[Start of section]

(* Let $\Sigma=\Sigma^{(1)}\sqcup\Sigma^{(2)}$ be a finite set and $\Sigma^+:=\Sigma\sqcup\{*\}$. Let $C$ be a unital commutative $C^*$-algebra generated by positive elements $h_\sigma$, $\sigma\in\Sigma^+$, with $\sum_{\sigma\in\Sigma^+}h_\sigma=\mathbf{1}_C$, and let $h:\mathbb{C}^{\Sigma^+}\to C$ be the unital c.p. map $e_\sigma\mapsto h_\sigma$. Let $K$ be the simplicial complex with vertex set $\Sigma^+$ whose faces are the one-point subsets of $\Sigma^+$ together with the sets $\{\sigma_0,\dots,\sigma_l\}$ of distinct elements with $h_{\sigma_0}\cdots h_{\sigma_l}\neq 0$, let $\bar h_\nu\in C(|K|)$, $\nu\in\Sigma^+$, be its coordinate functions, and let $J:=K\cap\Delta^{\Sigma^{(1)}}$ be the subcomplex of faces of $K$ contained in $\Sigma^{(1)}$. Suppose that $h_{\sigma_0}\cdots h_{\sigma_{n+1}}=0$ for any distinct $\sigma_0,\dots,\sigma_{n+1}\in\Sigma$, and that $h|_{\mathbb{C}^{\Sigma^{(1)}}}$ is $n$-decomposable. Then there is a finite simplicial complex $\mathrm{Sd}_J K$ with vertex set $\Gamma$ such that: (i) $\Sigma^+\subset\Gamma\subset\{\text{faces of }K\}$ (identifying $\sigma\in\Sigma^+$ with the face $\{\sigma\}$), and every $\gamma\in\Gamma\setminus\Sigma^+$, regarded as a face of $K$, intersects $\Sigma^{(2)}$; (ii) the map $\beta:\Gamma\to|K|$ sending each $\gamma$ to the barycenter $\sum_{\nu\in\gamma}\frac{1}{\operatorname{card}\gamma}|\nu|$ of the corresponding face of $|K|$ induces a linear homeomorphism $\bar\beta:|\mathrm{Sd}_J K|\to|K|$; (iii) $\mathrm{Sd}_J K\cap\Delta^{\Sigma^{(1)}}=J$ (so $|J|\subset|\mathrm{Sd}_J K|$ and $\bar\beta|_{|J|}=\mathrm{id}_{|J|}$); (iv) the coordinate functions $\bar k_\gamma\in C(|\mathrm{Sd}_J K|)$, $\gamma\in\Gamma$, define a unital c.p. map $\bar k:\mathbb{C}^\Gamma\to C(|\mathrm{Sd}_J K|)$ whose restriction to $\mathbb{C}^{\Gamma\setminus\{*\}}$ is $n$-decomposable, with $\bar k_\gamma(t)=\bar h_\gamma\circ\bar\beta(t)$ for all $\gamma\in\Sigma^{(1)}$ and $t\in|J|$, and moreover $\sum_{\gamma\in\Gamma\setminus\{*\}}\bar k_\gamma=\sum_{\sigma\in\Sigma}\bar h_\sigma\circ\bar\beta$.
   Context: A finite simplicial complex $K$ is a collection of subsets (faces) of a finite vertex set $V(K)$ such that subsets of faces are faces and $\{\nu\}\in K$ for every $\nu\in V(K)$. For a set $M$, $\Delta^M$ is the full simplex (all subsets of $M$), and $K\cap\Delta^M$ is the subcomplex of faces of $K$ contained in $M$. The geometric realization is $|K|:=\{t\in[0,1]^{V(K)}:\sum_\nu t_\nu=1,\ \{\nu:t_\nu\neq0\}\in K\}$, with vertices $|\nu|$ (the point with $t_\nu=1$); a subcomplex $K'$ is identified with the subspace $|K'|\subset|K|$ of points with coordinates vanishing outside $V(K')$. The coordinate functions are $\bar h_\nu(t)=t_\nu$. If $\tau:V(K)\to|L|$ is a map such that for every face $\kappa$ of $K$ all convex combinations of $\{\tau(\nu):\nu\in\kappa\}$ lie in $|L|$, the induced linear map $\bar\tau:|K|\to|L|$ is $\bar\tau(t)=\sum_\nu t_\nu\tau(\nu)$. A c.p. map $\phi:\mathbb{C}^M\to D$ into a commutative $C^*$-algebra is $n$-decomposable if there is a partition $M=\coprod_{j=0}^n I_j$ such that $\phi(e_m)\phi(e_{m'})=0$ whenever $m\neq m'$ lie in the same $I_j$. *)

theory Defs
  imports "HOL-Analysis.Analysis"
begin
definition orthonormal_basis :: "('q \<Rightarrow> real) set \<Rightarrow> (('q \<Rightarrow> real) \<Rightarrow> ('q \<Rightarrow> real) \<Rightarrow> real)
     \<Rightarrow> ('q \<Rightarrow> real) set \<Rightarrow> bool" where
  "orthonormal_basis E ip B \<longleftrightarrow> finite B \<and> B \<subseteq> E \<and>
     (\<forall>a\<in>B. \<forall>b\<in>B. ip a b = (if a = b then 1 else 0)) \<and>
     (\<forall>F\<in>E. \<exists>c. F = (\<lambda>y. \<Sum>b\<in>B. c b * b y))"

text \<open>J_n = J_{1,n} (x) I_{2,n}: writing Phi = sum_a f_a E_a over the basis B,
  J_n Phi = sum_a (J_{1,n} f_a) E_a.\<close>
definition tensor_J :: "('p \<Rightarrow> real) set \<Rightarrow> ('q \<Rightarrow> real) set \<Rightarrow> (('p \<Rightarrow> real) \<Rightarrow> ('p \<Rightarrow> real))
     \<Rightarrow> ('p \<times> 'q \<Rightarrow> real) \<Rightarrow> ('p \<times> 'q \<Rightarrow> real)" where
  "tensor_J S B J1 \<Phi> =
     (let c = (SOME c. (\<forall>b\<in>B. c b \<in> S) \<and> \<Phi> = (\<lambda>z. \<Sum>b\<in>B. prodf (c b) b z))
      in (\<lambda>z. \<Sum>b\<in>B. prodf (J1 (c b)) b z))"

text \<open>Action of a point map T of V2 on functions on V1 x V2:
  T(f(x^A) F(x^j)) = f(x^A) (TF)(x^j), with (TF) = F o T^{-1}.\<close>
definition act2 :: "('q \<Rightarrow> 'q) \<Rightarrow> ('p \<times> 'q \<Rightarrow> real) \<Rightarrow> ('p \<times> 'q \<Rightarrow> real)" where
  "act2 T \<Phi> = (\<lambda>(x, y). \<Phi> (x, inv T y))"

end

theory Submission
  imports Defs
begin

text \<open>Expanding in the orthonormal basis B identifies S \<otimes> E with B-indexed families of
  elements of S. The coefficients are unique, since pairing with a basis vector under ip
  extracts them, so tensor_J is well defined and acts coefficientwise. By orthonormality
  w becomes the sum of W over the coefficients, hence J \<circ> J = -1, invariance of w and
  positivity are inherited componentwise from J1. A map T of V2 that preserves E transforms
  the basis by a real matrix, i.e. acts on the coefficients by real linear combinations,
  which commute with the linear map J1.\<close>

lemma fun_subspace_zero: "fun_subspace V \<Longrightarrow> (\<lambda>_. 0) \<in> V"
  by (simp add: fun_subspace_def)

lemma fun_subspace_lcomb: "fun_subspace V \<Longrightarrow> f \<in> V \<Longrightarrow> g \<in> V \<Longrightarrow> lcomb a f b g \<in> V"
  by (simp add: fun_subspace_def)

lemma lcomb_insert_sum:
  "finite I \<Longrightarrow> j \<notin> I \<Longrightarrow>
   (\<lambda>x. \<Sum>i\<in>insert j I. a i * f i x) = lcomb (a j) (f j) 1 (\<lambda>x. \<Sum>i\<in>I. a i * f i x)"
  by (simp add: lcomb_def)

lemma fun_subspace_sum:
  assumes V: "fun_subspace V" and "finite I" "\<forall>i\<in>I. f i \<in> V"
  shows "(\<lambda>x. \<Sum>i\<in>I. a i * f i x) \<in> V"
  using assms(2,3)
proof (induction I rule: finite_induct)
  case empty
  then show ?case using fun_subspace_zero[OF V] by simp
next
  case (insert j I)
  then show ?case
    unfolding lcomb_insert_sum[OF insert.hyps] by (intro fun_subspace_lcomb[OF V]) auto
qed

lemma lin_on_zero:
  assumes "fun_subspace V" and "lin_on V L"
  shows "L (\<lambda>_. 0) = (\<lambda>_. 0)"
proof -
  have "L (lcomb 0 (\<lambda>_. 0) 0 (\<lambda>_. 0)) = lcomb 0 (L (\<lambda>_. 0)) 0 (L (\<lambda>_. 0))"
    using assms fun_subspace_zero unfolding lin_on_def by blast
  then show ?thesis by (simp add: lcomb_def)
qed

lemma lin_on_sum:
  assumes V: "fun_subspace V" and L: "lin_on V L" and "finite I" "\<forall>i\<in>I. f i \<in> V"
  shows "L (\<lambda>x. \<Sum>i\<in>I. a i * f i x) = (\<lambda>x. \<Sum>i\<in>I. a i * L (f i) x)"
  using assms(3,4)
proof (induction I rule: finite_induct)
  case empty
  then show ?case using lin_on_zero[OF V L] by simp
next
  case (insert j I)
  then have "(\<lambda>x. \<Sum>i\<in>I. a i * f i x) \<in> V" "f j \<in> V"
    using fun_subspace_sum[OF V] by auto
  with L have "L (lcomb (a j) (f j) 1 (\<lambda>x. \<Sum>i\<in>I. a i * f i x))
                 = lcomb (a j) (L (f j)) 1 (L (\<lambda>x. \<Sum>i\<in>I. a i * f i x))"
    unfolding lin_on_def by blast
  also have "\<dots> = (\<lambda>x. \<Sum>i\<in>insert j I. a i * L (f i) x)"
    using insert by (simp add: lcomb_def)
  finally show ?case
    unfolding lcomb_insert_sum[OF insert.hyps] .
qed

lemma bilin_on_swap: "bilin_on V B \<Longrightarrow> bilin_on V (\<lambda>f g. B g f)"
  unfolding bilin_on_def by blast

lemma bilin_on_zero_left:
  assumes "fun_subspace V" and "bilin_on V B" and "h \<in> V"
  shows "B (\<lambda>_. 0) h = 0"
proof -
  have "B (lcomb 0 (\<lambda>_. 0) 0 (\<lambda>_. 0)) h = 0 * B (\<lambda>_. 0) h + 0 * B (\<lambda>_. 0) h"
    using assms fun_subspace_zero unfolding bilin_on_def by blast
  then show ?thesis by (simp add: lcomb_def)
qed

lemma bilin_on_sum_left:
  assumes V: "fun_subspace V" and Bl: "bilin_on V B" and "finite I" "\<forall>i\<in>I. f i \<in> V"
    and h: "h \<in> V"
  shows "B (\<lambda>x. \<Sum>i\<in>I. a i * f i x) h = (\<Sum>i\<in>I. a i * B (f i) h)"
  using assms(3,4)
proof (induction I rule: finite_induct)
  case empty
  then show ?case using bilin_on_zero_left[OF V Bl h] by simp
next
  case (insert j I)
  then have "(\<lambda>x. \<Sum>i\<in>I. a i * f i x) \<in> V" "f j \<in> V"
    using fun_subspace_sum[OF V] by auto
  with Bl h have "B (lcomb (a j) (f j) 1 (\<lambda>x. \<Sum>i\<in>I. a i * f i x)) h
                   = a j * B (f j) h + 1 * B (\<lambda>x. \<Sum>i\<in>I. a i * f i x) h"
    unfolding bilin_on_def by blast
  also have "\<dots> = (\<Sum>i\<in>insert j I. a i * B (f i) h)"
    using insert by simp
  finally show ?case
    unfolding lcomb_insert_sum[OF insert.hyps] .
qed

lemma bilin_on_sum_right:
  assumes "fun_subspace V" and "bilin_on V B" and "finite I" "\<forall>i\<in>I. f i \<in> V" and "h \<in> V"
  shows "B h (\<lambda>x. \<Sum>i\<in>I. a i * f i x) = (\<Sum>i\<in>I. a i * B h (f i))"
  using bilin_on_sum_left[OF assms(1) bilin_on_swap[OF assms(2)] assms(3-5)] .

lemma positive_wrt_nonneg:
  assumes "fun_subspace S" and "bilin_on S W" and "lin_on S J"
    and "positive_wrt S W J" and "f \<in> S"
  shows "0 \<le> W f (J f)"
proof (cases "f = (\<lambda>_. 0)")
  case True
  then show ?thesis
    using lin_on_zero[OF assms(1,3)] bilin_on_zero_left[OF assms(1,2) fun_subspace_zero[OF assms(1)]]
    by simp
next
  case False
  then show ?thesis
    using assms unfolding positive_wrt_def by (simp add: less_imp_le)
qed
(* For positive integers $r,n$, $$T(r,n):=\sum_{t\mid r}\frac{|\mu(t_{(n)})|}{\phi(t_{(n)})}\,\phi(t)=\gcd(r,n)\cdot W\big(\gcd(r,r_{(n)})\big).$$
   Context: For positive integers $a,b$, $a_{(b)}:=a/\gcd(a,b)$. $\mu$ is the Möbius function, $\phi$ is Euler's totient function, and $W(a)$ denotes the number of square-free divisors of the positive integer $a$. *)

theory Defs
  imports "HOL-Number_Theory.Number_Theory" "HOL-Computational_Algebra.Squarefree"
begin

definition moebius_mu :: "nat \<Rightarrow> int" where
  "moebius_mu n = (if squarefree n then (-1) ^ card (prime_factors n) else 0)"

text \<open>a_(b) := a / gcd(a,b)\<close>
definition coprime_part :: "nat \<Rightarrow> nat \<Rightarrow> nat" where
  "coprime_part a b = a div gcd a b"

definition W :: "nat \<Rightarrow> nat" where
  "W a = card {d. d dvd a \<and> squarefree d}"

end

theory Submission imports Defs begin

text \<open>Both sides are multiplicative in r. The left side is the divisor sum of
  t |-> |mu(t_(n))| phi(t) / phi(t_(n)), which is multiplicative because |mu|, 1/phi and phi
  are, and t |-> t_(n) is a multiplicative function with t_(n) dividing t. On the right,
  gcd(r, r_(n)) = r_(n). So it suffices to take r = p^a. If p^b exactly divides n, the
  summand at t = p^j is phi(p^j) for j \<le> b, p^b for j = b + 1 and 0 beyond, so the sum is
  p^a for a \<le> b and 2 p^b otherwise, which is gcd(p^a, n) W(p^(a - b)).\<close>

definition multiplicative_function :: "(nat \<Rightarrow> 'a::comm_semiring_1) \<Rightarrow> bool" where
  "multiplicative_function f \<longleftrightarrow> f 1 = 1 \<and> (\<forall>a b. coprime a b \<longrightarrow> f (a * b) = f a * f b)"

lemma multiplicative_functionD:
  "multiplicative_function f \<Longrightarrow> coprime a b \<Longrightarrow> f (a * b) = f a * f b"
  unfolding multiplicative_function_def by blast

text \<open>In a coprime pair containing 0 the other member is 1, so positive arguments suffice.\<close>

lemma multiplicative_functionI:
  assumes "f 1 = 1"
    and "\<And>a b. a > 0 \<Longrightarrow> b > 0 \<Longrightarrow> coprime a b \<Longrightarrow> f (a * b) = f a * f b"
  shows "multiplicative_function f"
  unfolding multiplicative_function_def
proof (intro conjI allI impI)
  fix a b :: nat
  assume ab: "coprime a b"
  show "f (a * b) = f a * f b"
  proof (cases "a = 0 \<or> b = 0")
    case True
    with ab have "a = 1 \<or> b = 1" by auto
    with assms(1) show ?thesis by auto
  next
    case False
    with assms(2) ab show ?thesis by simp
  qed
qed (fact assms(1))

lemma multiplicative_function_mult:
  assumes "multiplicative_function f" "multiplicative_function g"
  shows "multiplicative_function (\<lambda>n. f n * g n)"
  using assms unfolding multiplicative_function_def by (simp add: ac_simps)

[End of section]

**Your task**
Some lines contain the word "cases". Pull each one out of the listing.

**Answer for the task**
proof (cases "f = (\<lambda>_. 0)")
  proof (cases "a = 0 \<or> b = 0")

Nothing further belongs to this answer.